Dienstag, 12. Juli 2011

Markus Zusak - Der Joker

Ich muss vorneweg ehrlich sagen: ich bin einer der wenigen Leser, der Markus Zusaks Buch "Die Bücherdiebin" nicht überragend, weltbewegend und erschütternd fand, sondern maximal nett, gegen Ende extrem langweilig und hopplahopp und insgesamt eher durchschnittlich. Deshalb war ich auch nicht gerade hocherfreut, als mir meine Freundin zum Geburtstag letztes Jahr "Der Joker" geschenkt hat, ein weiteres Buch von Zusak - aber zum Glück habe ich es gelesen und eine kleine, aber durchaus nette Perle gefunden ;-)

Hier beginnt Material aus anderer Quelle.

lemma mp_eval_mult:
  "mp_eval (f * g) x = mp_eval f x * mp_eval (g::('n::finite, 'a::comm_semiring_1) mpoly) x"
proof (induction f rule: update_induct)
  case const
  then show ?case by simp
next
  case (update f c d)
  then show ?case
    by (simp add: update_fresh_eq_add distrib_right mp_eval_single_mult mp_eval_add mp_eval_single)
qed

lemma mp_eval_const: "mp_eval (Poly_Mapping.single 0 c) (x::'n::finite \<Rightarrow> 'a::comm_semiring_1) = c"
  by (simp add: mp_eval_single mon_eval_def)

lemma mp_eval_var:
  "mp_eval (Poly_Mapping.single (Poly_Mapping.single k 1) 1) (x::'n::finite \<Rightarrow> 'a::comm_semiring_1) = x k"
proof -
  have "(\<Prod>i\<in>UNIV. x i ^ Poly_Mapping.lookup (Poly_Mapping.single k (1::nat)) i) = (\<Prod>i\<in>{k}. x i)"
    by (rule prod.mono_neutral_cong_right) (auto simp: lookup_single when_def)
  then show ?thesis by (simp add: mp_eval_single mon_eval_def)
qed

lemma mp_eval_one: "mp_eval 1 (x::'n::finite \<Rightarrow> 'a::comm_semiring_1) = 1"
  using mp_eval_const[of 1 x] by (simp add: single_one)

lemma mp_eval_smult: "mp_eval (mp_smult c f) (x::'n::finite \<Rightarrow> 'a::comm_semiring_1) = c * mp_eval f x"
proof -
  have "mp_smult c f = Poly_Mapping.single 0 c * f"
    unfolding mp_smult_def by (rule mult_map_scale_conv_mult)
  then show ?thesis by (simp add: mp_eval_mult mp_eval_const)
qed

lemma mp_eval_power: "mp_eval (f ^ m) (x::'n::finite \<Rightarrow> 'a::comm_semiring_1) = mp_eval f x ^ m"
  by (induction m) (simp_all add: mp_eval_one mp_eval_mult)

lemma mp_eval_prod:
  "mp_eval (\<Prod>i\<in>I. f i) (x::'n::finite \<Rightarrow> 'a::comm_semiring_1) = (\<Prod>i\<in>I. mp_eval (f i) x)"
  by (induction I rule: infinite_finite_induct) (simp_all add: mp_eval_one mp_eval_mult)

lemma mp_eval_sum:
  "mp_eval (\<Sum>i\<in>I. f i) (x::'n::finite \<Rightarrow> 'a::comm_semiring_1) = (\<Sum>i\<in>I. mp_eval (f i) x)"
  by (induction I rule: infinite_finite_induct) (simp_all add: mp_eval_add)

lemma linear_separator:
  fixes a b :: "'n::finite \<Rightarrow> 'a::field"
  assumes "a \<noteq> b"
  shows "\<exists>q. mp_eval q a = 1 \<and> mp_eval q b = 0"
proof -
  obtain k where k: "a k \<noteq> b k" using assms by auto
  define q where "q = Poly_Mapping.single 0 (inverse (a k - b k)) *
      (Poly_Mapping.single (Poly_Mapping.single k (1::nat)) 1 + Poly_Mapping.single 0 (- b k))"
  have "mp_eval q y = (y k - b k) / (a k - b k)" for y
    unfolding q_def
    by (simp add: mp_eval_mult mp_eval_add mp_eval_const mp_eval_var[unfolded One_nat_def]
        divide_inverse algebra_simps)
  then show ?thesis using k by (intro exI[of _ q]) simp
qed

lemma lagrange_basis_poly:
  fixes u :: "'i \<Rightarrow> ('n::finite \<Rightarrow> 'a::field)"
  assumes inj: "inj_on u I" and fin: "finite I" and j: "j \<in> I"
  shows "\<exists>p. \<forall>t\<in>I. mp_eval p (u t) = (if t = j then 1 else 0)"
proof -
  have "\<forall>i. \<exists>q. i \<in> I - {j} \<longrightarrow> mp_eval q (u j) = 1 \<and> mp_eval q (u i) = 0"
    using linear_separator inj j by (metis DiffE inj_on_contraD singletonI)
  then obtain q where q: "\<And>i. i \<in> I - {j} \<Longrightarrow> mp_eval (q i) (u j) = 1 \<and> mp_eval (q i) (u i) = 0"
    by metis
  have "mp_eval (\<Prod>i\<in>I - {j}. q i) (u t) = (if t = j then 1 else 0)" if t: "t \<in> I" for t
  proof (cases "t = j")
    case True
    then show ?thesis using q by (simp add: mp_eval_prod)
  next
    case False
    then have "\<exists>i\<in>I - {j}. mp_eval (q i) (u t) = 0" using q t by blast
    then show ?thesis using False fin by (simp add: mp_eval_prod prod_zero)
  qed
  then show ?thesis by blast
qed

lemma interpolation:
  fixes u :: "'i \<Rightarrow> ('n::finite \<Rightarrow> 'a::field)"
  assumes inj: "inj_on u I" and fin: "finite I"
  shows "\<exists>p. \<forall>t\<in>I. mp_eval p (u t) = v t"
proof -
  obtain d where d: "\<And>j t. j \<in> I \<Longrightarrow> t \<in> I \<Longrightarrow> mp_eval (d j) (u t) = (if t = j then 1 else 0)"
    using lagrange_basis_poly[OF inj fin] by metis
  define p where "p = (\<Sum>j\<in>I. Poly_Mapping.single 0 (v j) * d j)"
  have "mp_eval p (u t) = v t" if t: "t \<in> I" for t
  proof -
    have "mp_eval p (u t) = (\<Sum>j\<in>I. if t = j then v j else 0)"
      unfolding p_def mp_eval_sum
      by (rule sum.cong) (use d t in \<open>auto simp: mp_eval_mult mp_eval_const\<close>)
    also have "\<dots> = v t" using t fin by simp
    finally show ?thesis .
  qed
  then show ?thesis by blast
qed

lemma interpolation_lessThan:
  fixes u :: "nat \<Rightarrow> ('n::finite \<Rightarrow> 'a::field)"
  assumes "inj_on u {..<l}"
  obtains p where "\<And>t. t < l \<Longrightarrow> mp_eval p (u t) = v t"
  using interpolation[OF assms finite_lessThan, of v] by auto

text \<open>Power sums determine coefficients: distinct nonzero c \<in> V are linearly
  independent as the sequences (c^m)_{m \<ge> 1}.  Induction on V, multiplying by (c - x)
  to eliminate the new element x.\<close>
lemma vanishing_power_sums:
  fixes s :: "'a::field \<Rightarrow> 'a"
  assumes "finite V" "0 \<notin> V" "\<forall>m\<ge>1. (\<Sum>c\<in>V. s c * c ^ m) = 0"
  shows "\<forall>c\<in>V. s c = 0"
  using assms
proof (induction V arbitrary: s rule: finite_induct)
  case empty
  then show ?case by simp
next
  case (insert x V)
  define s' where "s' c = s c * (c - x)" for c
  have "(\<Sum>c\<in>V. s' c * c ^ m) = 0" if m: "m \<ge> 1" for m :: nat
  proof -
    have "(\<Sum>c\<in>V. s' c * c ^ m)
            = (\<Sum>c\<in>insert x V. s c * c ^ Suc m) - x * (\<Sum>c\<in>insert x V. s c * c ^ m)"
      using insert.hyps by (simp add: s'_def sum_distrib_left sum_subtractf[symmetric] algebra_simps)
    then show ?thesis using insert.prems(2) m by (metis le_SucI diff_zero mult_zero_right)
  qed
  then have "\<forall>c\<in>V. s' c = 0" using insert by auto
  then have V0: "\<forall>c\<in>V. s c = 0" using insert.hyps by (auto simp: s'_def)
  have "(\<Sum>c\<in>insert x V. s c * c ^ 1) = 0" using insert.prems by blast
  then have "s x * x = 0" using insert.hyps V0 by simp
  then show ?case using insert.prems V0 by simp
qed

lemma supp_vec_subset: "supp_vec l \<beta> \<subseteq> {..<l}"
  unfolding supp_vec_def by auto

lemma finite_supp_vec: "finite (supp_vec l \<beta>)"
  using finite_subset[OF supp_vec_subset] by blast

lemma sum_over_supp_vec:
  "(\<Sum>i<l. (\<beta>::nat \<Rightarrow> 'a::comm_ring_1) i * y i) = (\<Sum>i\<in>supp_vec l \<beta>. \<beta> i * y i)"
  by (rule sum.mono_neutral_right) (auto simp: supp_vec_def)

text \<open>Group the indices by the value of y; the
  grouped coefficients are subset sums of \<beta>, nonzero by the definition of \<Omega>_\<ell>.\<close>
lemma Omega_power_sums_zero:
  fixes \<beta> :: "nat \<Rightarrow> 'a::field"
  assumes om: "\<beta> \<in> Omega l" and sums: "\<forall>m\<ge>1. (\<Sum>i<l. \<beta> i * y i ^ m) = 0"
  shows "\<forall>i\<in>supp_vec l \<beta>. y i = 0"
proof -
  let ?S = "supp_vec l \<beta>"
  define V where "V = y ` ?S - {0}"
  define s where "s c = (\<Sum>i\<in>{i\<in>?S. y i = c}. \<beta> i)" for c
  have "(\<Sum>c\<in>V. s c * c ^ m) = 0" if m: "m \<ge> 1" for m :: nat
  proof -
    have "0 = (\<Sum>i\<in>?S. \<beta> i * y i ^ m)"
      using sums m sum_over_supp_vec[where l=l and \<beta>=\<beta> and y="\<lambda>i. y i ^ m"] by simp
    also have "\<dots> = (\<Sum>c\<in>y ` ?S. \<Sum>i\<in>{i\<in>?S. y i = c}. \<beta> i * y i ^ m)"
      using finite_supp_vec by (rule sum.image_gen)
    also have "\<dots> = (\<Sum>c\<in>y ` ?S. s c * c ^ m)"
      unfolding s_def sum_distrib_right by (rule sum.cong) auto
    also have "\<dots> = (\<Sum>c\<in>V. s c * c ^ m)"
      unfolding V_def using finite_supp_vec m by (intro sum.mono_neutral_right) auto
    finally show ?thesis by simp
  qed
  then have s0: "\<forall>c\<in>V. s c = 0"
    by (intro vanishing_power_sums) (auto simp: V_def finite_supp_vec)
  show ?thesis
  proof (rule ballI, rule ccontr)
    fix i assume i: "i \<in> ?S" and "y i \<noteq> 0"
    then have "s (y i) = 0" using s0 by (auto simp: V_def)
    moreover have "{i' \<in> ?S. y i' = y i} \<subseteq> ?S" "{i' \<in> ?S. y i' = y i} \<noteq> {}" using i by auto
    ultimately show False using om unfolding Omega_def s_def by blast
  qed
qed

definition eval_kernel ::
  "nat \<Rightarrow> (nat \<Rightarrow> 'a::field) \<Rightarrow> (nat \<Rightarrow> ('n::finite \<Rightarrow> 'a)) \<Rightarrow> ('n, 'a) mpoly set" where
  "eval_kernel l \<beta> u = {h. (\<Sum>i<l. \<beta> i * mp_eval h (u i)) = 0}"

lemma colon_N_Balpha: "colon (N_Balpha l \<alpha> u) g = eval_kernel l (alpha_fB l \<alpha> u g) u"
  unfolding colon_def N_Balpha_def eval_kernel_def alpha_fB_def
  by (auto intro!: sum.cong simp: mp_eval_mult mult_ac)

lemma eval_kernel_subspace: "K_subspace (eval_kernel l \<beta> u)"
  unfolding K_subspace_def eval_kernel_def
  by (simp add: mp_eval_add mp_eval_smult distrib_left sum.distrib mult.left_commute
      flip: sum_distrib_left)

lemma eval_kernel_termwise:
  "(\<And>i. i < l \<Longrightarrow> \<beta> i * mp_eval h (u i) = 0) \<Longrightarrow> h \<in> eval_kernel l \<beta> u"
  unfolding eval_kernel_def by (simp add: sum.neutral)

Ed Kennedy ist einer, dem das Wort Loser in gradezu blinkenden Buchstaben auf die Stirn tätowiert zu sein scheint. Er arbeitet semi-legal als Taxifahrer, ist verknallt in seine Kollegin, die ihn aber nur als Kumpel sieht, und sein Freundeskreis, allen vorn Marvin (der Eds Loser-Status nochmal locker unterbietet) ändert auch nichts an dieser Situation. Nein, Eds Leben klingt wirklich nicht spannend. Das ändert sich aber, asl er eines Tages in seinem Briefkasten eine Spielkarte findet: auf dem Karo-Ass notiert sind drei Adressen und Uhrzeiten - und mit einem Mal ändert sich alles für Ed. Denn ein Unbekannter scheint ihn dadurch aufzufordern, zumindest das Leben anderer Personen zu verändern, wenn er es mit seinem schon nicht tut ...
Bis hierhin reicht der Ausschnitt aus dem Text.